I was on the access to information, privacy and ethics committee when we did a comprehensive review of the access to information laws. We made a number of recommendations. It was a unanimous report by the committee, but the lion's share of those recommendations is not in here. It is, frankly, a little misleading of the government to be touting the benefits of the proactive disclosure provisions within this legislation. It is to distract people from the fact that on the real substance of the matter, when it comes to access to information so that citizens can get information the government does not want to share, there is actually very little in this legislation.
I invite the member to stop trying to make the debate about proactive disclosure and to address the recommendations of the committee. He mentioned one recommendation, order-making power, that is in the legislation. That is a good thing that the committee recommended. However, we also talked a lot in the committee proceedings about the need to get rid of exclusions from the access to information laws, because when certain types of information, such as cabinet confidences, are subject to exclusions rather than exemptions, it means that the Information Commissioner cannot review whether that information was rightly not passed on to citizens who would want it.
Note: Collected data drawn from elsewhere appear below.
lemma coeff2_whitney:
  assumes "finite E"
  shows "coeff2 (whitney V E) a b = card {F \<in> Pow E. rk V E - rk V F = a \<and> nullity V F = b}"
proof -
  have "coeff2 (whitney V E) a b = (\<Sum>F\<in>Pow E. of_bool (rk V E - rk V F = a \<and> nullity V F = b))"
    unfolding whitney_def mono_xy_def coeff2_def coeff_sum
    by (rule sum.cong) (auto simp: coeff_monom)
  also have "\<dots> = card (Pow E \<inter> {F. rk V E - rk V F = a \<and> nullity V F = b})"
    using assms by (simp only: sum_of_bool_eq finite_Pow_iff)
  also have "Pow E \<inter> {F. rk V E - rk V F = a \<and> nullity V F = b} =
      {F \<in> Pow E. rk V E - rk V F = a \<and> nullity V F = b}"
    by blast
  finally show ?thesis .
qed

lemma in_C_finite_edges: "in_C n m V E \<Longrightarrow> finite E"
  unfolding in_C_def simple_graph_def
  by (meson Pow_iff finite_Pow_iff finite_subset subsetI)

lemma in_C_nonempty: "in_C n m V E \<Longrightarrow> V \<noteq> {}"
  by (auto simp: in_C_def connected_graph_def kappa_def)

text \<open>The spanning subgraphs with \<open>Suc a\<close> components and \<open>i\<close> edges are exactly those
  contributing to the coefficient of \<open>x^a y^(a+i+1-n)\<close> of the Whitney polynomial.\<close>
lemma kappa_card_iff_rank_nullity:
  assumes C: "in_C n m V E" and "F \<subseteq> E"
  shows "kappa V F = Suc a \<and> card F = i \<longleftrightarrow>
    0 \<le> int a + (int i + 1 - int n) \<and>
    rk V E - rk V F = a \<and> nullity V F = nat (int a + (int i + 1 - int n))"
proof -
  have "finite V" and edges: "\<forall>e\<in>E. e \<subseteq> V \<and> card e = 2"
    and "kappa V E = 1" and "card V = n"
    using C by (auto simp: in_C_def simple_graph_def connected_graph_def)
  have "finite F"
    using in_C_finite_edges[OF C] \<open>F \<subseteq> E\<close> by (rule finite_subset[rotated])
  have "0 < kappa V F" "kappa V F \<le> n"
    using kappa_pos[OF \<open>finite V\<close> in_C_nonempty[OF C]] kappa_le_card[OF \<open>finite V\<close>] \<open>card V = n\<close>
    by auto
  moreover have "n \<le> card F + kappa V F"
    using card_le_card_edges_plus_kappa[OF \<open>finite V\<close> \<open>finite F\<close>] edges \<open>F \<subseteq> E\<close> \<open>card V = n\<close>
    by blast
  ultimately show ?thesis
    unfolding rk_def nullity_def \<open>kappa V E = 1\<close> \<open>card V = n\<close> by arith
qed
lemma stationary_arctan_has_real_derivative:
  fixes \<alpha> r :: real
  assumes "0 < r"
  shows "((\<lambda>r. pi - 2 * arctan (\<alpha> ^ k * r ^ k)) has_real_derivative
    - real k * sin (pi - 2 * arctan (\<alpha> ^ k * r ^ k)) / r) (at r)"
proof -
  define chi where "chi r = pi - 2 * arctan (\<alpha> ^ k * r ^ k)" for r
  define s where "s = \<alpha> ^ k * r ^ k"
  have "((\<lambda>r. \<alpha> ^ k * r ^ k) has_real_derivative \<alpha> ^ k * (real k * r ^ (k - 1))) (at r)"
    by (auto intro!: derivative_eq_intros)
  moreover have "\<alpha> ^ k * (real k * r ^ (k - 1)) = real k * s / r"
    using assms by (cases k) (simp_all add: s_def field_simps)
  ultimately have "((\<lambda>r. \<alpha> ^ k * r ^ k) has_real_derivative real k * s / r) (at r)"
    by simp
  from DERIV_chain2[OF DERIV_arctan this]
  have "((\<lambda>r. arctan (\<alpha> ^ k * r ^ k)) has_real_derivative inverse (1 + s^2) * (real k * s / r)) (at r)"
    by (simp add: s_def)
  then have deriv: "(chi has_real_derivative 0 - 2 * (inverse (1 + s^2) * (real k * s / r))) (at r)"
    unfolding chi_def[abs_def] by (intro DERIV_diff DERIV_const DERIV_cmult)
  have "sin (chi r) = 2 * s / (1 + s^2)"
    by (simp add: chi_def s_def sin_double_arctan)
  then have "0 - 2 * (inverse (1 + s^2) * (real k * s / r)) = - real k * sin (chi r) / r"
    by (simp add: field_simps)
  with deriv show ?thesis unfolding chi_def[abs_def] by (simp only:)
qed
lemma weight_eq_sum_link:
  assumes "\<And>F. F \<in> \<F> \<Longrightarrow> finite F"
    and "\<And>F. F \<in> \<F> \<Longrightarrow> x \<in> F \<Longrightarrow> card F = 3 \<Longrightarrow> \<exists>G \<in> \<F>. card G = 4 \<and> F \<subseteq> G"
  shows "weight \<F> x = (\<Sum>S \<in> link \<F> x. 1 / (real (card S) + 1))"
proof -
  have "omega \<F> x (insert x S) = 1 / (real (card S) + 1)" if "S \<in> link \<F> x" for S
  proof -
    from that have "x \<notin> S" "insert x S \<in> \<F>" by (simp_all add: mem_link_iff)
    then have "card (insert x S) = card S + 1" using assms(1) by fastforce
    moreover have "omega \<F> x (insert x S) = 1 / real (card (insert x S))"
      using assms(2)[OF \<open>insert x S \<in> \<F>\<close>] by (intro omega_eq_inverse_card) auto
    ultimately show ?thesis by simp
  qed
  then show ?thesis
    unfolding weight_def faces_through_eq_image_link sum.reindex[OF inj_on_insert_link]
    by (simp add: comp_def)
qed

lemma sum_grouped_by_card:
  fixes f :: "nat \<Rightarrow> 'b :: semiring_1"
  assumes "finite L" "\<And>S. S \<in> L \<Longrightarrow> card S \<le> n"
  shows "(\<Sum>S \<in> L. f (card S)) = (\<Sum>k\<le>n. of_nat (card {S \<in> L. card S = k}) * f k)"
proof -
  have "(\<Sum>S \<in> L. f (card S)) = (\<Sum>k\<le>n. \<Sum>S \<in> {S \<in> L. card S = k}. f (card S))"
    using sum.group[OF assms(1), of "{..n}" card "\<lambda>S. f (card S)"] assms(2) by fastforce
  also have "\<dots> = (\<Sum>k\<le>n. of_nat (card {S \<in> L. card S = k}) * f k)"
    by (intro sum.cong) auto
  finally show ?thesis .
qed
lemma filterlim_rep_seq: "filterlim (rep_seq g f) at_top sequentially"
proof (rule filterlim_at_top_mono[OF filterlim_ident])
  show "eventually (\<lambda>n. n \<le> rep_seq g f n) sequentially"
    by (intro always_eventually allI) (rule le_trans[OF le_add1 rep_seq_ge])
qed

lemma length_blk_rep_seq: "length (blk g (rep_seq g f) j) = heights g f j"
proof (induction j)
  case (Suc j)
  show ?case by (simp only: length_blk_Suc Suc heights.simps) (simp add: rep_seq_def)
qed simp

lemma complexity_rep_seq_height:
  fixes k :: nat
  assumes f: "filterlim f at_top sequentially" and g: "0 < g"
  defines "H \<equiv> length (blk g (rep_seq g f) (Suc k))"
  shows "real (complexity (rkB g (rep_seq g f)) H) < real H + f H"
proof -
  let ?c = "g * (heights g f k + 1) + heights g f k"
  have H: "H = reps g f k (heights g f k) * ?c"
    unfolding H_def by (simp only: length_blk_rep_seq heights.simps)
  have "threshold f (real ?c) \<le> reps g f k (heights g f k)"
    by (simp add: reps_def)
  also have "\<dots> \<le> H"
    unfolding H using g by simp
  finally have "real ?c < f H"
    by (rule less_at_threshold[OF f])
  moreover have "complexity (rkB g (rep_seq g f)) H \<le> H + ?c"
    using complexity_length_blk_Suc_le[of "rep_seq g f" g k] rep_seq_pos g
    by (simp add: H_def length_blk_rep_seq)
  ultimately show ?thesis by linarith
qed

theorem theorem4:
  fixes \<epsilon> :: real and f :: "nat \<Rightarrow> real"
  assumes "\<epsilon> > 0" and "filterlim f at_top sequentially"
  shows "\<exists>(\<gamma>::nat) (L::nat \<Rightarrow> nat). \<gamma> > 1 \<and> (\<forall>n\<ge>1. L n > 1) \<and>
           filterlim L at_top sequentially \<and>
           limsup (\<lambda>q. ereal (real (complexity (rkB \<gamma> L) q) / real q)) < ereal (3/2 + \<epsilon>) \<and>
           (\<forall>n\<ge>2. real (complexity (rkB \<gamma> L) (length (rkB \<gamma> L n)))
                    < real (length (rkB \<gamma> L n)) + f (length (rkB \<gamma> L n)))"
proof (intro exI conjI allI impI)
  define g where "g = nat \<lceil>1 / \<epsilon>\<rceil> + 2"
  show "1 < g" by (simp add: g_def)
  show "1 < rep_seq g f n" if "1 \<le> n" for n
    using rep_seq_ge[of n g f] that by linarith
  show "filterlim (rep_seq g f) at_top sequentially" by (rule filterlim_rep_seq)
  have "1 / \<epsilon> < 2 * (2 * real g + 1)"
    using real_nat_ceiling_ge[of "1 / \<epsilon>"] by (simp add: g_def)
  then have "1 / (2 * (2 * real g + 1)) < \<epsilon>"
    using assms(1) by (simp add: divide_less_eq mult.commute)
  have "limsup (\<lambda>q. ereal (real (complexity (rkB g (rep_seq g f)) q) / real q))
      \<le> ereal (3 / 2 + 1 / (2 * (2 * real g + 1)))"
    by (rule limsup_complexity_le) (simp_all add: g_def rep_seq_pos filterlim_rep_seq)
  also have "\<dots> < ereal (3 / 2 + \<epsilon>)"
    using \<open>1 / (2 * (2 * real g + 1)) < \<epsilon>\<close> by simp
  finally show "limsup (\<lambda>q. ereal (real (complexity (rkB g (rep_seq g f)) q) / real q))
      < ereal (3 / 2 + \<epsilon>)" .
  fix n :: nat assume "2 \<le> n"
  then obtain k where "n = Suc (Suc k)" by (metis add_2_eq_Suc le_Suc_ex)
  then show "real (complexity (rkB g (rep_seq g f)) (length (rkB g (rep_seq g f) n)))
      < real (length (rkB g (rep_seq g f) n)) + f (length (rkB g (rep_seq g f) n))"
    using complexity_rep_seq_height[OF assms(2), of g k] by (simp only: rkB_def diff_Suc_1) (simp add: g_def)
qed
An exemption would allow the Information Commissioner to confidentially review the material and then make a decision as to whether the government appropriately withheld that information.
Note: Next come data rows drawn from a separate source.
definition hbar :: "(real \<Rightarrow> real) \<Rightarrow> (real \<Rightarrow> real) \<Rightarrow> real \<Rightarrow> real \<Rightarrow> real" where
  "hbar f h s t = integral {s..t} (\<lambda>z. exp (- fbar f 0 z) * h z)"

definition gbar2 :: "(real \<Rightarrow> real) \<Rightarrow> (real \<Rightarrow> real) \<Rightarrow> real \<Rightarrow> real \<Rightarrow> real" where
  "gbar2 f g s t = integral {s..t} (\<lambda>z. exp (- 2 * fbar f 0 z) * (g z)\<^sup>2)"

definition dgam :: "(real \<Rightarrow> real) \<Rightarrow> (real \<Rightarrow> real) \<Rightarrow> real \<Rightarrow> real \<Rightarrow> real \<Rightarrow> real" where
  "dgam f g T \<gamma> t = inverse \<gamma> + exp (2 * fbar f 0 T) * gbar2 f g t T"

text \<open>Admissible control/trajectory pairs: u square-integrable on [0,T], and x the
 (Caratheodory) solution of dx/dt = f x + h m + g u with x 0 = x0, written in integral form.\<close>

definition admissible ::
  "(real \<Rightarrow> real) \<Rightarrow> (real \<Rightarrow> real) \<Rightarrow> (real \<Rightarrow> real) \<Rightarrow> 'a::euclidean_space \<Rightarrow> 'a \<Rightarrow> real
   \<Rightarrow> (real \<Rightarrow> 'a) \<Rightarrow> (real \<Rightarrow> 'a) \<Rightarrow> bool" where
  "admissible f h g m x0 T u x \<longleftrightarrow>
     u integrable_on {0..T} \<and> (\<lambda>t. (norm (u t))\<^sup>2) integrable_on {0..T} \<and>
     continuous_on {0..T} x \<and> x 0 = x0 \<and>
     (\<forall>t\<in>{0..T}. (\<lambda>s. f s *\<^sub>R x s + h s *\<^sub>R m + g s *\<^sub>R u s) integrable_on {0..t} \<and>
        x t = x0 + integral {0..t} (\<lambda>s. f s *\<^sub>R x s + h s *\<^sub>R m + g s *\<^sub>R u s))"

definition cost :: "real \<Rightarrow> 'a::euclidean_space \<Rightarrow> real \<Rightarrow> (real \<Rightarrow> 'a) \<Rightarrow> (real \<Rightarrow> 'a) \<Rightarrow> real" where
  "cost \<gamma> xT T u x = integral {0..T} (\<lambda>t. (norm (u t))\<^sup>2 / 2) + \<gamma> / 2 * (norm (x T - xT))\<^sup>2"

end

theory Submission
  imports Defs
begin

text \<open>
  Along an admissible pair the state equation is linear, and the integrating factor
  e^(-F_t), F = fbar f 0, turns it into the variation-of-constants formula
  x_T = e^(F_T) (x_0 + hbar_T m) + integral_0^T g_s e^(F_T - F_s) u_s ds,
  valid for merely square-integrable controls. So the terminal state is affine in the control
  and the cost is a convex quadratic functional of it. The given controller has the form
  u*_t = g_t e^(F_T - F_t) p with p = gamma (x_T - x*_T): this is exactly the statement that
  the first variation of the cost at u* vanishes, and by convexity u* is a global minimiser.
  That x* is the trajectory of u* is checked by differentiation; the algebra rests on
  d_t = d_0 - e^(2 F_T) gbar2_t, which also turns the numerator of u* into d_t p.
\<close>

section \<open>Integration by parts against an indefinite integral\<close>

lemma absolutely_integrable_continuous_scaleR:
  fixes c :: "real \<Rightarrow> real" and v :: "real \<Rightarrow> 'a::euclidean_space"
  assumes "continuous_on {a..b} c" and "v absolutely_integrable_on {a..b}"
  shows "(\<lambda>s. c s *\<^sub>R v s) absolutely_integrable_on {a..b}"
proof (rule absolutely_integrable_bounded_measurable_product[where h = "(*\<^sub>R)"])
  show "bilinear ((*\<^sub>R) :: real \<Rightarrow> 'a \<Rightarrow> 'a)"
    by (simp add: bilinear_conv_bounded_bilinear bounded_bilinear_scaleR)
  show "c \<in> borel_measurable (lebesgue_on {a..b})"
    using assms(1) by (intro continuous_imp_measurable_on_sets_lebesgue) auto
  show "bounded (c ` {a..b})"
    using assms(1) by (intro compact_imp_bounded compact_continuous_image) auto
qed (use assms(2) in auto)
It is great to have order-making power, but it does not go very far if there is a loophole like the exclusions loophole, which is going to remain. One can drive a truck through it—in this case, a truck full of government documents that the government can say has been made advice to a cabinet minister just by driving it by his or her apartment. That is a terrible loophole. The Liberals have not done anything to address it. It undermines granting the Information Commissioner order-making power. I wish we could talk about some of those concrete things that actually have to do with access to information, rather than proactive disclosure, which the government is able to do at any time it wants and which does not require legislative amendments to do it.